My overall impression [of the program] is positive. I am relieved at how engaged and excited I am by the class and discussion. It was good to meet and talk with others in small groups. I’ve been reluctant to speak up in the large group, which doesn’t surprise me. But it is overwhelming — it seems like so many people want to speak up about what they think, and that’s good. I’m also happy at discovering ideas the others have that I had not yet considered. I just feel nervous that I have not quite formulated so clearly what I think.
I definitely see how immature I am in the field, which is of course OK. I should be. As [my friend] was saying, what is important at this point is to see whether the program is meeting my expectations or at the very least that I don’t think I’ve just made a huge mistake. In these things I am confident. For the first time in my life I think (save a few courses in undergrad) I am excited about learning and reading. After talking to my family and friends, I discovered they had similar experiences in their graduate learning.

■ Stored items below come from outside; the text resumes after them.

(* Let $\epsilon>0$, $s>0$, and $t=\frac{\epsilon^4}{900s^2}$. Let $f:\mathbb{R}^n\to\{-1,1\}$ be $((\epsilon/30)^2,s)$-smooth. Then $\mathbf{E}_{x\sim\gamma_n}[|P_tf(x)-f(x)|^2]\le\frac{\epsilon^2}{5}$.
   Context: $\gamma_n$ is the standard Gaussian measure; $P_tf(x)=\mathbf{E}_{z\sim\gamma_n}[f(e^{-t}x+\sqrt{1-e^{-2t}}z)]$. A function $f:\mathbb{R}^n\to\{-1,1\}$ is $(\eta,s)$-smooth if there is $g:\mathbb{R}^n\to\{-1,1\}$ with $\mathbf{E}_{x\sim\gamma_n}[|f-g|]\le\eta$ and $\mathsf{surf}(g)\le s(1+\eta)$, where $\mathsf{surf}(g)=\Gamma(\{g=1\})$, $\Gamma(A)=\liminf_{\delta\to0}\gamma_n(A_\delta\setminus A)/\delta$, $A_\delta=\{x:d(x,A)\le\delta\}$. *)

theory Defs
  imports "HOL-Probability.Probability"
begin

definition gauss :: "'a::euclidean_space measure" where
  "gauss = density lborel
     (\<lambda>x. ennreal (exp (- (norm x)\<^sup>2 / 2) / (2 * pi) powr (real DIM('a) / 2)))"

definition OU :: "real \<Rightarrow> ('a::euclidean_space \<Rightarrow> real) \<Rightarrow> 'a \<Rightarrow> real" where
  "OU t f x = (\<integral>z. f (exp (- t) *\<^sub>R x + sqrt (1 - exp (-2 * t)) *\<^sub>R z) \<partial>gauss)"

text \<open>Closed delta-neighbourhood A_delta = {x. d(x,A) \<le> delta}, with d(x,{}) = \<infinity>.\<close>
definition nbhd :: "'a::euclidean_space set \<Rightarrow> real \<Rightarrow> 'a set" where
  "nbhd A \<delta> = {x. A \<noteq> {} \<and> infdist x A \<le> \<delta>}"

definition gsurf :: "'a::euclidean_space set \<Rightarrow> ereal" where
  "gsurf A = Liminf (at_right 0)
     (\<lambda>\<delta>. ereal (measure gauss (nbhd A \<delta> - A) / \<delta>))"

definition surf :: "('a::euclidean_space \<Rightarrow> real) \<Rightarrow> ereal" where
  "surf g = gsurf {x. g x = 1}"

definition smooth :: "real \<Rightarrow> real \<Rightarrow> ('a::euclidean_space \<Rightarrow> real) \<Rightarrow> bool" where
  "smooth \<eta> s f \<longleftrightarrow> (\<exists>g. g \<in> borel_measurable borel \<and> (\<forall>x. g x \<in> {-1, 1}) \<and>
      (\<integral>x. \<bar>f x - g x\<bar> \<partial>gauss) \<le> \<eta> \<and> surf g \<le> ereal (s * (1 + \<eta>)))"

end

(*
  Write exp (-t) = cos theta.  Then P_t f x = E f (x cos theta + z sin theta) for an independent
  standard Gaussian z, so E |P_t f - f| is at most the rotation modulus
  E |f (x cos theta + z sin theta) - f x| of f.  The law of the pair (x, z) is invariant under
  rotations, which makes the modulus subadditive in theta, hence at most theta times its
  derivative at 0.  For the indicator of a set A this derivative is bounded by the Gaussian surface
  area of A: replace the indicator by the (1/delta)-Lipschitz cutoff max 0 (1 - d(x, A)/delta),
  smooth it by the Mehler operator, and bound the gradient of the result, via Gaussian integration
  by parts, by the mass of the boundary layer A_delta - A divided by delta.  Finally
  arccos (exp (-t)) <= sqrt (2 t), and (P_t f - f)^2 <= 2 |P_t f - f| since |f| = 1.
*)

theory Submission
  imports Defs
begin

section \<open>The standard Gaussian measure\<close>

definition gauss_density :: "'a::euclidean_space \<Rightarrow> real" where
  "gauss_density x = exp (- (norm x)\<^sup>2 / 2) / (2 * pi) powr (real DIM('a) / 2)"

lemma gauss_eq_density: "gauss = density lborel (\<lambda>x. ennreal (gauss_density x))"
  unfolding gauss_def gauss_density_def ..

lemma gauss_density_pos: "0 < gauss_density x"
  unfolding gauss_density_def by simp

lemma borel_measurable_gauss_density [measurable]: "gauss_density \<in> borel_measurable borel"
  unfolding gauss_density_def by measurable

lemma gauss_density_eq_prod:
  "gauss_density (x::'a::euclidean_space) = (\<Prod>b\<in>Basis. std_normal_density (x \<bullet> b))"
proof -
  have n: "(norm x)\<^sup>2 = (\<Sum>b\<in>Basis. (x \<bullet> b)\<^sup>2)"
  proof -
    have "(norm x)\<^sup>2 = x \<bullet> x" by (rule power2_norm_eq_inner)
    also have "\<dots> = (\<Sum>b\<in>Basis. (x \<bullet> b) * (x \<bullet> b))" by (rule euclidean_inner)
    finally show ?thesis by (simp add: power2_eq_square)
  qed
  have p: "(2 * pi) powr (real DIM('a) / 2) = sqrt (2 * pi) ^ DIM('a)"
    by (simp add: powr_half_sqrt[symmetric] powr_realpow[symmetric] powr_powr)
  have "(\<Prod>b\<in>Basis. std_normal_density (x \<bullet> b)) = (\<Prod>b\<in>(Basis::'a set). (1 / sqrt (2 * pi)) * exp (- (x \<bullet> b)\<^sup>2 / 2))"
    by (simp add: std_normal_density_def)
  also have "\<dots> = exp (\<Sum>b\<in>Basis. - (x \<bullet> b)\<^sup>2 / 2) / sqrt (2 * pi) ^ DIM('a)"
    by (simp add: exp_sum prod_dividef)
  also have "(\<Sum>b\<in>(Basis::'a set). - (x \<bullet> b)\<^sup>2 / 2) = - (norm x)\<^sup>2 / 2"
    by (simp add: n sum_negf sum_divide_distrib)
  finally show ?thesis unfolding gauss_density_def p by simp
qed

lemma sets_gauss [measurable_cong, simp]: "sets gauss = sets borel"
  by (simp add: gauss_eq_density)

lemma space_gauss [simp]: "space gauss = UNIV"
  by (simp add: gauss_eq_density)

lemma prob_space_gauss: "prob_space (gauss :: 'a::euclidean_space measure)"
proof
  have "emeasure (gauss::'a measure) (space gauss)
      = (\<integral>\<^sup>+x. (\<Prod>b\<in>(Basis::'a set). ennreal (std_normal_density (x \<bullet> b))) \<partial>lborel)"
    by (simp add: gauss_eq_density emeasure_density gauss_density_eq_prod prod_ennreal)
  also have "\<dots> = (\<Prod>b\<in>(Basis::'a set). (\<integral>\<^sup>+x. ennreal (std_normal_density x) \<partial>lborel))"
    by (rule nn_integral_lborel_prod) auto
  also have "\<dots> = 1"
    by (subst nn_integral_eq_integral) auto
  finally show "emeasure (gauss::'a measure) (space gauss) = 1" .
qed

interpretation gauss: prob_space "gauss :: 'a::euclidean_space measure"
  by (rule prob_space_gauss)

lemma measure_gauss_UNIV [simp]: "measure (gauss :: 'a::euclidean_space measure) UNIV = 1"
  using gauss.prob_space by simp

lemma (in prob_space) abs_integral_le_const:
  fixes f :: "'a \<Rightarrow> real"
  assumes "f \<in> borel_measurable M" and "\<And>x. x \<in> space M \<Longrightarrow> \<bar>f x\<bar> \<le> B"
  shows "\<bar>\<integral>x. f x \<partial>M\<bar> \<le> B"
proof -
  have "integrable M f"
    using assms by (intro integrable_const_bound[where B=B] AE_I2) auto
  then have "(\<integral>x. \<bar>f x\<bar> \<partial>M) \<le> B"
    using assms by (intro integral_le_const AE_I2) auto
  then show ?thesis
    using integral_abs_bound[of M f] by linarith
qed

lemma abs_diff_le_twice: "\<bar>a\<bar> \<le> B \<Longrightarrow> \<bar>b\<bar> \<le> B \<Longrightarrow> \<bar>a - b\<bar> \<le> 2 * B" for a b B :: real
  by (auto simp: abs_le_iff)

lemma integrable_gauss_bounded:
  fixes k :: "'a::euclidean_space \<Rightarrow> real"
  assumes "k \<in> borel_measurable borel" and "\<And>x. \<bar>k x\<bar> \<le> B"
  shows "integrable gauss k"
  using assms by (intro gauss.integrable_const_bound[where B=B] AE_I2) auto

Pressing thoughts at the end of today are on the idea of balance. It is such a broad thought too, that I hope I will be able to shape it into a more manageable scope throughout the course. Mostly, I suppose, I am interested to understand my own bias and prejudices and how those shape my opinions in the profession.
What I did speak up about today was our own responses to the Patriot Act being based in fear. And I think this is another balance question. It is interesting because, again, for the first time I see that difference between discussing based on my past knowledge (beliefs, bias?) and gaining understanding that to go further I will NEED MORE INFORMATON. How refreshing.